(* Let $\mathcal{G}$ be a connected undirected weighted graph (nonzero real weights, possibly negative) such that $L(\mathcal{G})$ has exactly one zero eigenvalue. Let $\mathcal{T}$ be a spanning tree with cycle subgraph $\mathcal{C}$. Then $R_{(\mathcal{T},\mathcal{C})}WR_{(\mathcal{T},\mathcal{C})}^T$ and $L_{ess}(\mathcal{T})$ are invertible and the Moore–Penrose pseudo-inverse of $L(\mathcal{G})$ is $$L^{\dagger}(\mathcal{G})=(E_{\mathcal{T}}^L)^T\big(R_{(\mathcal{T},\mathcal{C})}WR_{(\mathcal{T},\mathcal{C})}^T\big)^{-1}E_{\mathcal{T}}^L=(E_{\mathcal{T}}^L)^T L_{ess}(\mathcal{T})^{-1}E_{\mathcal{T}}^T,$$ where $E_{\mathcal{T}}^L=L_e(\mathcal{T})^{-1}E_{\mathcal{T}}^T$.
   Context: A weighted graph $\mathcal{G}=(\mathcal{V},\mathcal{E},\mathcal{W})$ has weights $\mathcal{W}:\mathcal{E}\to\mathbb{R}\setminus\{0\}$ collected in the diagonal matrix $W$. With an arbitrary edge orientation, the incidence matrix $E$ has in the column of edge $(i,j)$ entry $+1$ in row $i$, $-1$ in row $j$, $0$ elsewhere; $L(\mathcal{G})=EWE^T$. For a spanning tree $\mathcal{T}$, $\mathcal{C}$ is the subgraph of the remaining edges, edges ordered so $E=[E_{\mathcal{T}}\ E_{\mathcal{C}}]$ and $W$ correspondingly. $L_e(\mathcal{T})=E_{\mathcal{T}}^TE_{\mathcal{T}}$ (invertible), $E_{\mathcal{T}}^L=L_e(\mathcal{T})^{-1}E_{\mathcal{T}}^T$ is a left inverse of $E_{\mathcal{T}}$, $R_{(\mathcal{T},\mathcal{C})}=[\,I\ \ L_e(\mathcal{T})^{-1}E_{\mathcal{T}}^TE_{\mathcal{C}}\,]$, and $L_{ess}(\mathcal{T})=L_e(\mathcal{T})R_{(\mathcal{T},\mathcal{C})}WR_{(\mathcal{T},\mathcal{C})}^T$. *)

theory Defs
  imports "Jordan_Normal_Form.Char_Poly"
begin

text \<open>Graphs: vertices are 0,...,n-1; edges are given as a list of ordered pairs (u,v)
  (the order fixes the arbitrary orientation, the position in the list fixes the edge ordering).\<close>

definition edge_adj :: "(nat \<times> nat) list \<Rightarrow> (nat \<times> nat) set" where
  "edge_adj es = {(u,v). (u,v) \<in> set es \<or> (v,u) \<in> set es}"

definition simple_graph :: "nat \<Rightarrow> (nat \<times> nat) list \<Rightarrow> bool" where
  "simple_graph n es \<longleftrightarrow> (\<forall>(u,v)\<in>set es. u < n \<and> v < n \<and> u \<noteq> v)
      \<and> distinct (map (\<lambda>(u,v). {u,v}) es)"

definition graph_connected :: "nat \<Rightarrow> (nat \<times> nat) list \<Rightarrow> bool" where
  "graph_connected n es \<longleftrightarrow> (\<forall>u<n. \<forall>v<n. (u,v) \<in> (edge_adj es)\<^sup>*)"

text \<open>Acyclic: every edge is a bridge (removing it disconnects its endpoints).\<close>
definition acyclic_graph :: "(nat \<times> nat) list \<Rightarrow> bool" where
  "acyclic_graph es \<longleftrightarrow> (\<forall>k < length es.
      (fst (es ! k), snd (es ! k)) \<notin> (edge_adj (take k es @ drop (Suc k) es))\<^sup>*)"

definition spanning_tree :: "nat \<Rightarrow> (nat \<times> nat) list \<Rightarrow> bool" where
  "spanning_tree n es \<longleftrightarrow> graph_connected n es \<and> acyclic_graph es"

definition incidence :: "nat \<Rightarrow> (nat \<times> nat) list \<Rightarrow> real mat" where
  "incidence n es = mat n (length es)
     (\<lambda>(i,k). if fst (es ! k) = i then 1 else if snd (es ! k) = i then -1 else 0)"

definition weight_mat :: "real list \<Rightarrow> real mat" where
  "weight_mat ws = mat_diag (length ws) (\<lambda>i. ws ! i)"

definition laplacian :: "nat \<Rightarrow> (nat \<times> nat) list \<Rightarrow> real list \<Rightarrow> real mat" where
  "laplacian n es ws = incidence n es * weight_mat ws * transpose_mat (incidence n es)"

definition append_cols :: "real mat \<Rightarrow> real mat \<Rightarrow> real mat" where
  "append_cols A B = mat (dim_row A) (dim_col A + dim_col B)
     (\<lambda>(i,j). if j < dim_col A then A $$ (i,j) else B $$ (i, j - dim_col A))"

definition minv :: "real mat \<Rightarrow> real mat" where
  "minv A = (THE B. B \<in> carrier_mat (dim_row A) (dim_row A)
               \<and> A * B = 1\<^sub>m (dim_row A) \<and> B * A = 1\<^sub>m (dim_row A))"

definition pinv :: "real mat \<Rightarrow> real mat" where
  "pinv A = (THE X. X \<in> carrier_mat (dim_col A) (dim_row A)
      \<and> A * X * A = A \<and> X * A * X = X
      \<and> transpose_mat (A * X) = A * X \<and> transpose_mat (X * A) = X * A)"

definition edge_laplacian_T :: "nat \<Rightarrow> (nat \<times> nat) list \<Rightarrow> real mat" where
  "edge_laplacian_T n eT = transpose_mat (incidence n eT) * incidence n eT"

definition left_inv_T :: "nat \<Rightarrow> (nat \<times> nat) list \<Rightarrow> real mat" where
  "left_inv_T n eT = minv (edge_laplacian_T n eT) * transpose_mat (incidence n eT)"

definition R_TC :: "nat \<Rightarrow> (nat \<times> nat) list \<Rightarrow> (nat \<times> nat) list \<Rightarrow> real mat" where
  "R_TC n eT eC = append_cols (1\<^sub>m (length eT))
      (minv (edge_laplacian_T n eT) * transpose_mat (incidence n eT) * incidence n eC)"

definition L_ess :: "nat \<Rightarrow> (nat \<times> nat) list \<Rightarrow> (nat \<times> nat) list \<Rightarrow> real list \<Rightarrow> real mat" where
  "L_ess n eT eC ws = edge_laplacian_T n eT *
      (R_TC n eT eC * weight_mat ws * transpose_mat (R_TC n eT eC))"

end

theory Submission
  imports Defs
begin

(* Write E_T, E_C for the incidence matrices of the tree and of the remaining
   edges.  Since T is acyclic, E_T is injective, so L_e(T) = E_T^T E_T is invertible; since T
   is connected, every column of E_C (a difference of two unit vectors) lies in the range of
   E_T.  Hence E_C = E_T X with X = L_e(T)^-1 E_T^T E_C, i.e. E = E_T R, and therefore
   L(G) = E_T M E_T^T with M = R W R^T.  Applied to L(G) = E_T M E_T^T this shows
   that M is nonsingular, because E_T^T annihilates constant vectors. *)

section \<open>Matrix algebra\<close>

text \<open>Associativity and the transpose of a product with the dimension side conditions stated
  as equations, so that the simplifier can discharge them from carrier facts.\<close>

lemma mult_assoc_dims:
  fixes A B C :: "'a :: semiring_0 mat"
  shows "dim_col A = dim_row B \<Longrightarrow> dim_col B = dim_row C \<Longrightarrow> A * B * C = A * (B * C)"
  by (rule assoc_mult_mat[of A "dim_row A" "dim_col A" B "dim_col B" C "dim_col C"]) auto

lemma transpose_mult_dims:
  fixes A B :: "'a :: comm_semiring_0 mat"
  shows "dim_col A = dim_row B \<Longrightarrow> transpose_mat (A * B) = transpose_mat B * transpose_mat A"
  by (rule transpose_mult[of A "dim_row A" "dim_col A" B "dim_col B"]) auto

++++++++++++++++++++

Scan the material above for the string "shows", returning each line that contains it.

   L(G) = E_T M E_T^T with M = R W R^T.  Applied to L(G) = E_T M E_T^T this shows
  shows "dim_col A = dim_row B \<Longrightarrow> dim_col B = dim_row C \<Longrightarrow> A * B * C = A * (B * C)"
  shows "dim_col A = dim_row B \<Longrightarrow> transpose_mat (A * B) = transpose_mat B * transpose_mat A"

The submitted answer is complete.